Activegrill™: Holzkohlegrill mit Smartphone-Steuerung

High-Tech-Grill mit viel Komfort

Das Grillerlebnis des Kohlegrills verbunden mit dem Bedienkomfort eines Gasgrills – das verspricht der Activegrill™ aus Österreich. Am Ende der über dreijährigen Entwicklungsgeschichte steht ein High-Tech-Grill, der eine automatische Temperaturregelung von 80 °C bis 400 °C ermöglicht. Die gradgenaue Steuerung erfolgt über das eingebaute Touch-Display am Grill oder per Smartphone-App. Ermöglicht wird sie über eine sogenannte Heatflap, die wie ein Ventil funktioniert und die Hitze im Grillraum exakt dosiert. Der Activegrill™ ist die Entwicklung des Österreichers Martin Unger, dessen Firma einer der führenden Hersteller von hochwertigen, widerstandsfähigen Touchscreen Informationssystemen im In- und Outdoor-Bereich ist.

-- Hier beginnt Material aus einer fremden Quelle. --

(* Let $N,n,m,p$ be positive integers, $A\in\mathbb{R}^{n\times n}$, $B\in\mathbb{R}^{n\times p}$, $C\in\mathbb{R}^{m\times n}$, $H\in\mathbb{R}^{n\times m}$, $W=[w_{ij}]\in\mathbb{R}^{N\times N}$ with $w_{ii}=0$ for all $i$, $\Delta=\mathrm{diag}(\delta_1,\dots,\delta_N)$ with $\delta_i\in\{0,1\}$, and $h>0$. Put $\mathcal{B}(h)=\int_0^h e^{A\tau}d\tau\,B$, $\mathcal{H}(h)=\int_0^h e^{A\tau}d\tau\,HC$, $\Phi_s=I_N\otimes e^{Ah}+W\otimes\mathcal{H}(h)$, $\Psi_s=\Delta\otimes\mathcal{B}(h)$. Let $\sigma(W)=\{\lambda_1,\dots,\lambda_r\}$ be the distinct eigenvalues of $W$ and $E_i=e^{Ah}+\lambda_i\mathcal{H}(h)$. Assume $W$ is singular and $0\notin\sigma(E_i)$ for every $i=1,\dots,r$. If the networked sampled-data system $X(k+1)=\Phi_sX(k)+\Psi_sU(k)$ is controllable, then the pair $(e^{Ah},\mathcal{B}(h))$ is controllable.
   Context: The networked sampled-data system is the discrete-time system $X(k+1)=\Phi_sX(k)+\Psi_sU(k)$; it is called controllable if every initial state can be steered to the origin in finitely many steps. For $F\in\mathbb{C}^{q\times q}$, $G\in\mathbb{C}^{q\times s}$, the pair $(F,G)$ is called controllable if $\mathrm{rank}[sI_q-F,\ G]=q$ for every $s\in\mathbb{C}$. $\sigma(\cdot)$ denotes the set of eigenvalues and $\otimes$ the Kronecker product. *)

theory Defs
  imports "HOL-Analysis.Analysis" "Jordan_Normal_Form.DL_Rank" "Jordan_Normal_Form.Determinant" "Jordan_Normal_Form.Char_Poly"
begin

definition mat_exp :: "real mat \<Rightarrow> real mat" where
  "mat_exp A = mat (dim_row A) (dim_col A)
     (\<lambda>(i,j). \<Sum>k. (A ^\<^sub>m k) $$ (i,j) / fact k)"

definition int_exp :: "real mat \<Rightarrow> real \<Rightarrow> real mat" where
  "int_exp A h = mat (dim_row A) (dim_col A)
     (\<lambda>(i,j). integral {0..h} (\<lambda>\<tau>. mat_exp (\<tau> \<cdot>\<^sub>m A) $$ (i,j)))"

definition kron :: "'a :: times mat \<Rightarrow> 'a mat \<Rightarrow> 'a mat" where
  "kron P Q = mat (dim_row P * dim_row Q) (dim_col P * dim_col Q)
     (\<lambda>(i,j). P $$ (i div dim_row Q, j div dim_col Q) * Q $$ (i mod dim_row Q, j mod dim_col Q))"

definition diag_of :: "nat \<Rightarrow> (nat \<Rightarrow> 'a :: zero) \<Rightarrow> 'a mat" where
  "diag_of N d = mat N N (\<lambda>(i,j). if i = j then d i else 0)"

definition hcat :: "'a :: zero mat \<Rightarrow> 'a mat \<Rightarrow> 'a mat" where
  "hcat P Q = four_block_mat P Q (0\<^sub>m 0 (dim_col P)) (0\<^sub>m 0 (dim_col Q))"

definition dt_controllable :: "real mat \<Rightarrow> real mat \<Rightarrow> bool" where
  "dt_controllable Phi Psi \<longleftrightarrow>
     (\<forall>x0 \<in> carrier_vec (dim_row Phi). \<exists>K X U.
        X 0 = x0 \<and>
        (\<forall>k<K. U k \<in> carrier_vec (dim_col Psi) \<and> X (Suc k) = Phi *\<^sub>v X k + Psi *\<^sub>v U k) \<and>
        X K = 0\<^sub>v (dim_row Phi))"

definition pair_controllable :: "complex mat \<Rightarrow> complex mat \<Rightarrow> bool" where
  "pair_controllable F G \<longleftrightarrow>
     (\<forall>s::complex. vec_space.rank (dim_row F) (hcat (s \<cdot>\<^sub>m 1\<^sub>m (dim_row F) - F) G) = dim_row F)"

abbreviation cmat :: "real mat \<Rightarrow> complex mat" where
  "cmat M \<equiv> map_mat complex_of_real M"

end

theory Submission
  imports Defs
begin

(* If the pair (e^{Ah}, B(h)) failed the rank test at some s, there would be a
  nonzero q with q^T e^{Ah} = s q^T and q^T B(h) = 0.  Tensoring q with a left null
  vector v of the singular matrix W gives a left eigenvector v \<otimes> q of \<Phi>_s for s that
  annihilates \<Psi>_s.  Along every trajectory the linear functional x \<mapsto> (v \<otimes> q)^T x is
  then multiplied by s at each step, whatever the input, so a state on which it is
  nonzero can never be steered to the origin unless s = 0.  But s = 0 is excluded:
  0 is an eigenvalue of W, and E for this eigenvalue is e^{Ah} itself, which is
  therefore nonsingular. *)

unbundle no vec_syntax
unbundle no inner_syntax

lemma mod_less_if_less_mult: "m < a * b \<Longrightarrow> m mod b < (b::nat)"
  by (cases "b = 0") auto

lemma mult_add_less_mult: "a < r \<Longrightarrow> i < n \<Longrightarrow> a * n + i < r * (n::nat)"
  using mult_le_mono1[of "Suc a" r n] by simp

lemma sum_lessThan_mult_nested:
  fixes g :: "nat \<Rightarrow> 'a::comm_monoid_add"
  shows "(\<Sum>k<N * n. g k) = (\<Sum>a<N. \<Sum>i<n. g (a * n + i))"
proof -
  have "(\<Sum>k<N * n. g k) = (\<Sum>a<N. sum g {a * n..<a * n + n})"
    by (rule sum.nat_group[symmetric])
  also have "\<dots> = (\<Sum>a<N. \<Sum>i<n. g (a * n + i))"
    by (simp add: sum.shift_bounds_nat_ivl[of g 0 _ n, simplified] lessThan_atLeast0 add.commute)
  finally show ?thesis .
qed

definition kron_vec :: "'a :: times vec \<Rightarrow> 'a vec \<Rightarrow> 'a vec" where
  "kron_vec v w = vec (dim_vec v * dim_vec w) (\<lambda>k. v $ (k div dim_vec w) * w $ (k mod dim_vec w))"

lemma kron_carrier_mat:
  "P \<in> carrier_mat r c \<Longrightarrow> Q \<in> carrier_mat r' c' \<Longrightarrow> kron P Q \<in> carrier_mat (r * r') (c * c')"
  by (simp add: kron_def)

lemma kron_vec_carrier_vec:
  "v \<in> carrier_vec a \<Longrightarrow> w \<in> carrier_vec b \<Longrightarrow> kron_vec v w \<in> carrier_vec (a * b)"
  by (simp add: kron_vec_def)

lemma index_kron_vec:
  "v \<in> carrier_vec a \<Longrightarrow> w \<in> carrier_vec b \<Longrightarrow> i < a \<Longrightarrow> j < b \<Longrightarrow>
    kron_vec v w $ (i * b + j) = v $ i * w $ j"
  by (simp add: kron_vec_def mult_add_less_mult)

lemma kron_vec_smult_right:
  fixes v w :: "'a :: comm_ring vec"
  shows "kron_vec v (s \<cdot>\<^sub>v w) = s \<cdot>\<^sub>v kron_vec v w"
  by (rule eq_vecI) (auto simp: kron_vec_def less_mult_imp_div_less mod_less_if_less_mult mult_ac)

lemma kron_vec_zero_left [simp]: "kron_vec (0\<^sub>v a) w = (0\<^sub>v (a * dim_vec w) :: 'a :: semiring_0 vec)"
  by (rule eq_vecI) (auto simp: kron_vec_def less_mult_imp_div_less)

lemma kron_vec_zero_right [simp]: "kron_vec v (0\<^sub>v b) = (0\<^sub>v (dim_vec v * b) :: 'a :: semiring_0 vec)"
  by (rule eq_vecI) (auto simp: kron_vec_def mod_less_if_less_mult)

lemma kron_vec_neq_zero:
  fixes v w :: "'a :: semiring_no_zero_divisors vec"
  assumes "v \<in> carrier_vec a" "v \<noteq> 0\<^sub>v a" "w \<in> carrier_vec b" "w \<noteq> 0\<^sub>v b"
  shows "kron_vec v w \<noteq> 0\<^sub>v (a * b)"
proof -
  obtain i where "i < a" "v $ i \<noteq> 0" using assms(1,2) by (metis carrier_vecD eq_vecI index_zero_vec)
  moreover obtain j where "j < b" "w $ j \<noteq> 0" using assms(3,4) by (metis carrier_vecD eq_vecI index_zero_vec)
  ultimately have "kron_vec v w $ (i * b + j) \<noteq> 0" using assms(1,3) by (simp add: index_kron_vec)
  then show ?thesis using \<open>i < a\<close> \<open>j < b\<close> by (auto simp: mult_add_less_mult)
qed

lemma transpose_kron: "transpose_mat (kron P Q) = kron (transpose_mat P) (transpose_mat Q)"
  by (rule eq_matI) (auto simp: kron_def less_mult_imp_div_less mod_less_if_less_mult)

lemma kron_mult_kron_vec:
  fixes P Q :: "'a :: comm_semiring_0 mat"
  assumes P: "P \<in> carrier_mat r c" and Q: "Q \<in> carrier_mat r' c'"
    and v: "v \<in> carrier_vec c" and w: "w \<in> carrier_vec c'"
  shows "kron P Q *\<^sub>v kron_vec v w = kron_vec (P *\<^sub>v v) (Q *\<^sub>v w)"
proof (rule eq_vecI)
  fix l assume "l < dim_vec (kron_vec (P *\<^sub>v v) (Q *\<^sub>v w))"
  then have l: "l < r * r'" using P Q by (simp add: kron_vec_def)
  define a i where "a = l div r'" and "i = l mod r'"
  have a: "a < r" and i: "i < r'" and l_eq: "l = a * r' + i"
    using l by (auto simp: a_def i_def less_mult_imp_div_less mod_less_if_less_mult)
  have "(kron P Q *\<^sub>v kron_vec v w) $ l = (\<Sum>k<c * c'. kron P Q $$ (l, k) * kron_vec v w $ k)"
    using P Q v w l by (simp add: kron_def kron_vec_def scalar_prod_def lessThan_atLeast0)
  also have "\<dots> = (\<Sum>b<c. \<Sum>j<c'. (P $$ (a, b) * v $ b) * (Q $$ (i, j) * w $ j))"
    unfolding sum_lessThan_mult_nested using P Q v w l a i
    by (intro sum.cong refl) (auto simp: kron_def kron_vec_def l_eq mult_add_less_mult mult_ac)
  also have "\<dots> = (P *\<^sub>v v) $ a * (Q *\<^sub>v w) $ i"
    using P Q v w a i by (simp add: sum_product scalar_prod_def lessThan_atLeast0)
  also have "\<dots> = kron_vec (P *\<^sub>v v) (Q *\<^sub>v w) $ l"
    using P Q v w a i by (subst l_eq, subst index_kron_vec[of _ r _ r']) auto
  finally show "(kron P Q *\<^sub>v kron_vec v w) $ l = kron_vec (P *\<^sub>v v) (Q *\<^sub>v w) $ l" .
qed (use P Q in \<open>simp add: kron_def kron_vec_def\<close>)

lemma (in semiring_hom) mat_hom_kron: "mat\<^sub>h (kron P Q) = kron (mat\<^sub>h P) (mat\<^sub>h Q)"
  by (rule eq_matI) (auto simp: kron_def less_mult_imp_div_less mod_less_if_less_mult hom_mult)

lemma (in semiring_hom) mat_hom_add:
  "A \<in> carrier_mat n k \<Longrightarrow> B \<in> carrier_mat n k \<Longrightarrow> mat\<^sub>h (A + B) = mat\<^sub>h A + mat\<^sub>h B"
  by (rule eq_matI) (auto simp: hom_add)

lemma (in semiring_hom) vec_hom_add:
  "v \<in> carrier_vec n \<Longrightarrow> w \<in> carrier_vec n \<Longrightarrow> vec\<^sub>h (v + w) = vec\<^sub>h v + vec\<^sub>h w"
  by (rule eq_vecI) (auto simp: hom_add)

lemma rank_eq_if_surjective:
  fixes M :: "'a::field mat"
  assumes M: "M \<in> carrier_mat n k"
    and surj: "\<forall>y\<in>carrier_vec n. \<exists>z\<in>carrier_vec k. M *\<^sub>v z = y"
  shows "vec_space.rank n M = n"
proof -
  interpret vec_space "TYPE('a)" n .
  have cols: "set (cols M) \<subseteq> carrier_vec n" using M cols_dim by blast
  have "carrier_vec n \<subseteq> span (set (cols M))"
  proof
    fix y :: "'a vec" assume "y \<in> carrier_vec n"
    then obtain z where z: "z \<in> carrier_vec k" "M *\<^sub>v z = y" using surj by blast
    have "lincomb_list (\<lambda>j. z $ j) (cols M) = mat_of_cols n (cols M) *\<^sub>v vec (length (cols M)) (\<lambda>j. z $ j)"
      using cols by (intro lincomb_list_as_mat_mult) auto
    also have "\<dots> = M *\<^sub>v z"
    proof -
      have "mat_of_cols n (cols M) = M" using M by (metis carrier_matD(1) mat_of_cols_cols)
      moreover have "vec (length (cols M)) (\<lambda>j. z $ j) = z" using M z by auto
      ultimately show ?thesis by simp
    qed
    also have "\<dots> = y" by (fact z(2))
    finally have "y \<in> span_list (cols M)" unfolding span_list_def by blast
    then show "y \<in> span (set (cols M))" using span_list_as_span[OF cols] by simp
  qed
  then have "span (set (cols M)) = carrier_vec n" using span_closed[OF cols] by blast
  then have "rank M = vectorspace.dim class_ring (vs (carrier_vec n))" unfolding rank_def by simp
  also have "vs (carrier_vec n) = V" by simp
  finally show ?thesis using dim_is_n by simp
qed

lemma transpose_mult_conjugate_eq_0_if_gram_kernel:
  fixes M :: "'a::conjugatable_ordered_field mat"
  assumes M: "M \<in> carrier_mat n k" and x: "x \<in> carrier_vec n"
    and ker: "(M * map_mat conjugate (transpose_mat M)) *\<^sub>v x = 0\<^sub>v n"
  shows "transpose_mat M *\<^sub>v conjugate x = 0\<^sub>v k"
proof -
  define y where "y = transpose_mat M *\<^sub>v conjugate x"
  have y: "y \<in> carrier_vec k" using M x by (simp add: y_def)
  have "map_mat conjugate (transpose_mat M) *\<^sub>v x = conjugate y"
    using M x by (intro eq_vecI)
      (auto simp: y_def scalar_prod_def sum_conjugate conjugate_dist_mul)
  then have "M *\<^sub>v conjugate y = 0\<^sub>v n"
    using M x ker by (metis assoc_mult_mat_vec map_carrier_mat transpose_carrier_mat)
  then have "y \<bullet>c y = 0"
    using M x transpose_vec_mult_scalar[of M n k "conjugate y" "conjugate x"]
    by (simp add: y_def)
  then show ?thesis using y by (simp add: y_def)
qed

Auf Knopfdruck kann von direkter auf indirekte Grillmethode gewechselt werden, dabei schiebt sich eine Glaskeramikabdeckung über die Glut. Holzkohle kann über die Kohlelade auch während des Grillvorgangs gefahrlos nachgelegt werden, eine Ascheschale ermöglicht eine komfortable Entsorgung. Optisch kommt der Activegrill™ ziemlich spacig daher und erinnert mit seinem Display im ersten Moment ein wenig an einen Drucker und Kopierer – so oder so also ein Hingucker auf der Terrasse.

Per Bluetooth wird der Holzkohlegrill mit dem Smartphone verbunden und lässt sich anschließend über eine Distanz von etwa 100 m fernsteuern. Die dazugehörige App zeigt dabei die Garraumtemperatur an und informiert mit einem Alarm über das Erreichen der gewünschten Zieltemperatur. Der Grillraum ist modular aufgebaut und kann mit verschiedenen Rostvarianten bestückt werden, auch Kerntemperaturfühler und motorisierte Drehspieße können angeschlossen werden. Eine seitliche Ablagefläche sowie praktische Schubladen für Grillzubehör und Gewürze bieten zusätzlichen Komfort.

Doch High-Tech und Grillkomfort haben auch ihren Preis – zwischen 5.800 € und 7.400 € soll der Activegrill™ kosten.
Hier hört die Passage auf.